> [SOURCE MATERIAL]

==================================================

lemma card_colour_pattern_le:
  assumes "finite L" "\<forall>e\<in>E. e \<subseteq> V" "c ` E \<subseteq> {..<2}" "rainbow_diameter_two V E c" "L \<subseteq> V"
    and deg: "\<And>x. x \<in> L \<Longrightarrow> real (card (nbrs E L x)) \<le> K"
  shows "real (card {u\<in>L. colour_pattern E c (V - L) u T}) \<le> 1 + K + K\<^sup>2"
proof (cases "\<exists>v\<in>L. colour_pattern E c (V - L) v T")
  case True
  then obtain v where v: "v \<in> L" "colour_pattern E c (V - L) v T" by blast
  have "card {u\<in>L. colour_pattern E c (V - L) u T}
      \<le> card (insert v (nbrs E L v \<union> (\<Union>w\<in>nbrs E L v. nbrs E L w)))"
    using colour_pattern_subset_ball2[OF assms(2-5) v] assms(1)
    by (intro card_mono) (auto simp: nbrs_def)
  then show ?thesis using card_ball2_le[OF assms(1) v(1) deg] by linarith
next
  case False
  then have "{u\<in>L. colour_pattern E c (V - L) u T} = {}" by auto
  moreover have "0 \<le> (K + 1/2)\<^sup>2 + 3/4" by simp
  ultimately show ?thesis by (simp only: card.empty of_nat_0) (simp add: power2_eq_square algebra_simps)
qed
lemma density_cm_density_eq_shifted: "density (gauss n) (\<lambda>y. ennreal (cm_density n a y)) = shifted_gauss"
  unfolding shifted_gauss_def
proof (rule shifted.PiM_eqI)
  fix A assume "\<And>i. i \<in> {..<n} \<Longrightarrow> A i \<in> sets (density lborel (normal_density (a i) 1))"
  then have A_borel[measurable]: "\<And>i. i < n \<Longrightarrow> A i \<in> sets borel" by auto
  have PA: "PiE {..<n} A \<in> sets (gauss n)"
    unfolding gauss_def by (intro sets_PiM_I_finite) auto
  have "emeasure (density (gauss n) (\<lambda>y. ennreal (cm_density n a y))) (PiE {..<n} A)
      = (\<integral>\<^sup>+ y. ennreal (cm_density n a y) * indicator (PiE {..<n} A) y \<partial>gauss n)"
    using PA by (subst emeasure_density) (auto simp: cm_density_def)
  also have "\<dots> = (\<integral>\<^sup>+ y. (\<Prod>i<n. ennreal (exp (y i * a i - (a i)\<^sup>2 / 2)) * indicator (A i) (y i)) \<partial>gauss n)"
  proof (intro nn_integral_cong)
    fix y assume "y \<in> space (gauss n)"
    then have "indicator (PiE {..<n} A) y = (\<Prod>i<n. indicator (A i) (y i) :: ennreal)"
      by (auto simp: space_gauss indicator_def PiE_iff prod_zero_iff extensional_def)
    then show "ennreal (cm_density n a y) * indicator (PiE {..<n} A) y
        = (\<Prod>i<n. ennreal (exp (y i * a i - (a i)\<^sup>2 / 2)) * indicator (A i) (y i))"
      unfolding cm_density_def prod.distrib by (simp add: prod_ennreal)
  qed
  also have "\<dots> = (\<Prod>i<n. \<integral>\<^sup>+ x. ennreal (exp (x * a i - (a i)\<^sup>2 / 2)) * indicator (A i) x
                    \<partial>density lborel std_normal_density)"
    unfolding gauss_def by (intro std.product_nn_integral_prod) auto
  also have "\<dots> = (\<Prod>i<n. emeasure (density lborel (normal_density (a i) 1)) (A i))"
    by (intro prod.cong refl nn_integral_std_normal_exp_tilt) auto
  finally show "emeasure (density (gauss n) (\<lambda>y. ennreal (cm_density n a y))) (PiE {..<n} A)
      = (\<Prod>i\<in>{..<n}. emeasure (density lborel (normal_density (a i) 1)) (A i))" by simp
qed (use sets_shifted_gauss in \<open>auto simp: shifted_gauss_def\<close>)

end

theorem distr_translate_gauss:
  "distr (gauss n) (gauss n) (translate n a) = density (gauss n) (\<lambda>y. ennreal (cm_density n a y))"
  by (simp add: distr_translate_gauss_eq_shifted density_cm_density_eq_shifted)

lemma distr_uminus_std_normal:
  "distr (density lborel std_normal_density) (density lborel std_normal_density) uminus
   = density lborel std_normal_density"
proof (rule measure_eqI)
  fix A assume "A \<in> sets (distr (density lborel std_normal_density) (density lborel std_normal_density) uminus)"
  then have A[measurable]: "A \<in> sets borel" by simp
  have "(\<lambda>y::real. - y) \<in> borel_measurable borel" by simp
  from measurable_sets_borel[OF this A] have pre: "uminus -` A \<in> sets borel" .
  have "emeasure (distr (density lborel std_normal_density) (density lborel std_normal_density) uminus) A
      = (\<integral>\<^sup>+ y. ennreal (std_normal_density y) * indicator (uminus -` A) y \<partial>lborel)"
    using pre by (simp add: emeasure_distr emeasure_density)
  also have "\<dots> = (\<integral>\<^sup>+ y. ennreal (std_normal_density (- y)) * indicator A (- y) \<partial>lborel)"
    by (intro nn_integral_cong) (simp add: normal_density_def indicator_def)
  also have "\<dots> = (\<integral>\<^sup>+ z. ennreal (std_normal_density z) * indicator A z \<partial>(distr lborel borel uminus))"
    by (subst nn_integral_distr) auto
  also have "\<dots> = emeasure (density lborel std_normal_density) A"
    by (simp add: lborel_distr_uminus emeasure_density)
  finally show "emeasure (distr (density lborel std_normal_density) (density lborel std_normal_density) uminus) A
      = emeasure (density lborel std_normal_density) A" .
qed simp

lemma distr_reflect_gauss: "distr (gauss n) (gauss n) (reflect n) = gauss n"
proof -
  have "compose {..<n} uminus = reflect n"
    by (auto simp: compose_def reflect_def fun_eq_iff)
  moreover have "distr (gauss n) (gauss n) (compose {..<n} uminus)
      = PiM {..<n} (\<lambda>i. distr (density lborel std_normal_density) (density lborel std_normal_density) uminus)"
    unfolding gauss_def using prob_space_std_normal by (intro distr_PiM_finite_prob_space') auto
  ultimately show ?thesis by (simp add: distr_uminus_std_normal gauss_def)
qed

lemma two_exp_le_cm_density_reflect:
  "2 * exp (- (\<Sum>i<n. (a i)\<^sup>2) / 2) \<le> cm_density n a y + cm_density n a (reflect n y)"
proof -
  define s where "s = (\<Sum>i<n. y i * a i)"
  define q where "q = (\<Sum>i<n. (a i)\<^sup>2) / 2"
  have eq: "cm_density n a y = exp (s - q)"
    unfolding cm_density_def s_def q_def by (simp add: exp_sum[symmetric] sum_subtractf sum_divide_distrib)
  have "(\<Sum>i<n. reflect n y i * a i) = - s"
    unfolding s_def reflect_def by (simp add: sum_negf[symmetric])
  then have "cm_density n a (reflect n y) = exp (- s - q)"
    unfolding cm_density_def q_def by (simp add: exp_sum[symmetric] sum_subtractf sum_divide_distrib)
  moreover have "2 \<le> exp s + exp (- s)"
    using exp_ge_add_one_self[of s] exp_ge_add_one_self[of "-s"] by linarith
  then have "2 * exp (- q) \<le> (exp s + exp (- s)) * exp (- q)" by simp
  ultimately have "2 * exp (- q) \<le> cm_density n a y + cm_density n a (reflect n y)"
    unfolding eq by (simp add: distrib_right exp_add[symmetric])
  then show ?thesis by (simp add: q_def)
qed

text \<open>Averaging the Cameron--Martin density over \<open>y\<close> and \<open>-y\<close> replaces it by
  \<open>cosh \<langle>y,a\<rangle> exp(-|a|\<^sup>2/2) \<ge> exp(-|a|\<^sup>2/2)\<close>; symmetry of \<open>W\<close> makes the average legitimate.\<close>
theorem measure_translate_symmetric_ge:
  assumes W[measurable]: "W \<in> sets (gauss n)"
    and sym: "\<And>g. g \<in> space (gauss n) \<Longrightarrow> reflect n g \<in> W \<longleftrightarrow> g \<in> W"
  shows "measure (gauss n) {g \<in> space (gauss n). translate n a g \<in> W}
         \<ge> exp (- (\<Sum>i<n. (a i)\<^sup>2) / 2) * measure (gauss n) W"
proof -
  interpret prob_space "gauss n" by (rule prob_space_gauss)
  define c where "c = exp (- (\<Sum>i<n. (a i)\<^sup>2) / 2)"
  define I where "I = (\<integral>\<^sup>+ y. ennreal (cm_density n a y) * indicator W y \<partial>gauss n)"
  have [measurable]: "cm_density n a \<in> borel_measurable (gauss n)"
    unfolding cm_density_def by measurable
  have cm_nonneg: "0 \<le> cm_density n a y" for y
    unfolding cm_density_def by (simp add: prod_nonneg)
  have translate_eq: "emeasure (gauss n) {g \<in> space (gauss n). translate n a g \<in> W} = I"
  proof -
    have "{g \<in> space (gauss n). translate n a g \<in> W} = translate n a -` W \<inter> space (gauss n)" by auto
    then have "emeasure (gauss n) {g \<in> space (gauss n). translate n a g \<in> W}
        = emeasure (distr (gauss n) (gauss n) (translate n a)) W"
      by (simp add: emeasure_distr)
    then show ?thesis
      unfolding I_def distr_translate_gauss by (simp add: emeasure_density)
  qed
  have reflect_eq: "(\<integral>\<^sup>+ y. ennreal (cm_density n a (reflect n y)) * indicator W y \<partial>gauss n) = I"
  proof -
    have "(\<integral>\<^sup>+ y. ennreal (cm_density n a (reflect n y)) * indicator W y \<partial>gauss n)
        = (\<integral>\<^sup>+ y. ennreal (cm_density n a y) * indicator W y \<partial>distr (gauss n) (gauss n) (reflect n))"
      by (subst nn_integral_distr) (auto intro!: nn_integral_cong simp: indicator_def sym)
    then show ?thesis unfolding I_def distr_reflect_gauss .
  qed
  have "ennreal (2 * c) * emeasure (gauss n) W = (\<integral>\<^sup>+ y. ennreal (2 * c) * indicator W y \<partial>gauss n)"
    by (simp add: nn_integral_cmult_indicator)
  also have "\<dots> \<le> (\<integral>\<^sup>+ y. ennreal (cm_density n a y) * indicator W y
                        + ennreal (cm_density n a (reflect n y)) * indicator W y \<partial>gauss n)"
    using two_exp_le_cm_density_reflect[where n=n and a=a] cm_nonneg
    by (intro nn_integral_mono) (auto simp: indicator_def c_def ennreal_plus[symmetric] simp del: ennreal_plus)
  also have "\<dots> = 2 * I"
    by (subst nn_integral_add) (auto simp: reflect_eq I_def mult_2)
  finally have "2 * (ennreal c * emeasure (gauss n) W) \<le> 2 * I"
    unfolding c_def by (simp add: ennreal_mult mult.assoc)
  then have "ennreal (c * measure (gauss n) W) \<le> ennreal (measure (gauss n) {g \<in> space (gauss n). translate n a g \<in> W})"
    by (simp add: ennreal_mult_le_mult_iff emeasure_eq_measure ennreal_mult translate_eq[symmetric] c_def)
  then show ?thesis by (simp add: c_def)
qed

lemma measure_gt_Markov:
  assumes "prob_space M" and f[measurable]: "f \<in> borel_measurable M" and fi: "integrable M f"
    and nn: "\<And>x. x \<in> space M \<Longrightarrow> 0 \<le> f x" and b: "(\<integral>x. f x \<partial>M) \<le> b" and k: "0 < \<kappa>"
  shows "measure M {x\<in>space M. f x > \<kappa> * b} \<le> 1 / \<kappa>"
proof -
  interpret prob_space M by fact
  have I0: "0 \<le> (\<integral>x. f x \<partial>M)" using nn by (intro Bochner_Integration.integral_nonneg) auto
  show ?thesis
  proof (cases "b > 0")
    case True
    have "measure M {x\<in>space M. f x > \<kappa> * b} \<le> measure M {x\<in>space M. f x \<ge> \<kappa> * b}"
      by (intro finite_measure_mono) auto
    also have "\<dots> \<le> (\<integral>x. f x \<partial>M) / (\<kappa> * b)"
      using True k nn by (intro integral_Markov_inequality_measure[OF fi]) auto
    also have "\<dots> \<le> b / (\<kappa> * b)"
      using True k b by (intro divide_right_mono) auto
    also have "\<dots> = 1 / \<kappa>" using True by simp
    finally show ?thesis .
  next
    case False
    then have "b = 0" and "(\<integral>x. f x \<partial>M) = 0" using I0 b by linarith+
    then have "AE x in M. f x = 0"
      using integral_nonneg_eq_0_iff_AE[OF fi] nn by auto
    then have "emeasure M {x\<in>space M. f x > \<kappa> * b} = 0"
      using \<open>b = 0\<close> by (intro emeasure_eq_0_AE) auto
    then have "measure M {x\<in>space M. f x > \<kappa> * b} = 0"
      by (simp add: measure_def)
    then show ?thesis using k by simp
  qed
qed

==================================================

> [ACTIVITY] Once you reach the line with "unfolding s_def reflect_def" in the data above, copy it and every line after it exactly, up to and including the line with "the average legitimate.\<close>".

> [RESULT FOR THIS EXERCISE]
    unfolding s_def reflect_def by (simp add: sum_negf[symmetric])
  then have "cm_density n a (reflect n y) = exp (- s - q)"
    unfolding cm_density_def q_def by (simp add: exp_sum[symmetric] sum_subtractf sum_divide_distrib)
  moreover have "2 \<le> exp s + exp (- s)"
    using exp_ge_add_one_self[of s] exp_ge_add_one_self[of "-s"] by linarith
  then have "2 * exp (- q) \<le> (exp s + exp (- s)) * exp (- q)" by simp
  ultimately have "2 * exp (- q) \<le> cm_density n a y + cm_density n a (reflect n y)"
    unfolding eq by (simp add: distrib_right exp_add[symmetric])
  then show ?thesis by (simp add: q_def)
qed

text \<open>Averaging the Cameron--Martin density over \<open>y\<close> and \<open>-y\<close> replaces it by
  \<open>cosh \<langle>y,a\<rangle> exp(-|a|\<^sup>2/2) \<ge> exp(-|a|\<^sup>2/2)\<close>; symmetry of \<open>W\<close> makes the average legitimate.\<close>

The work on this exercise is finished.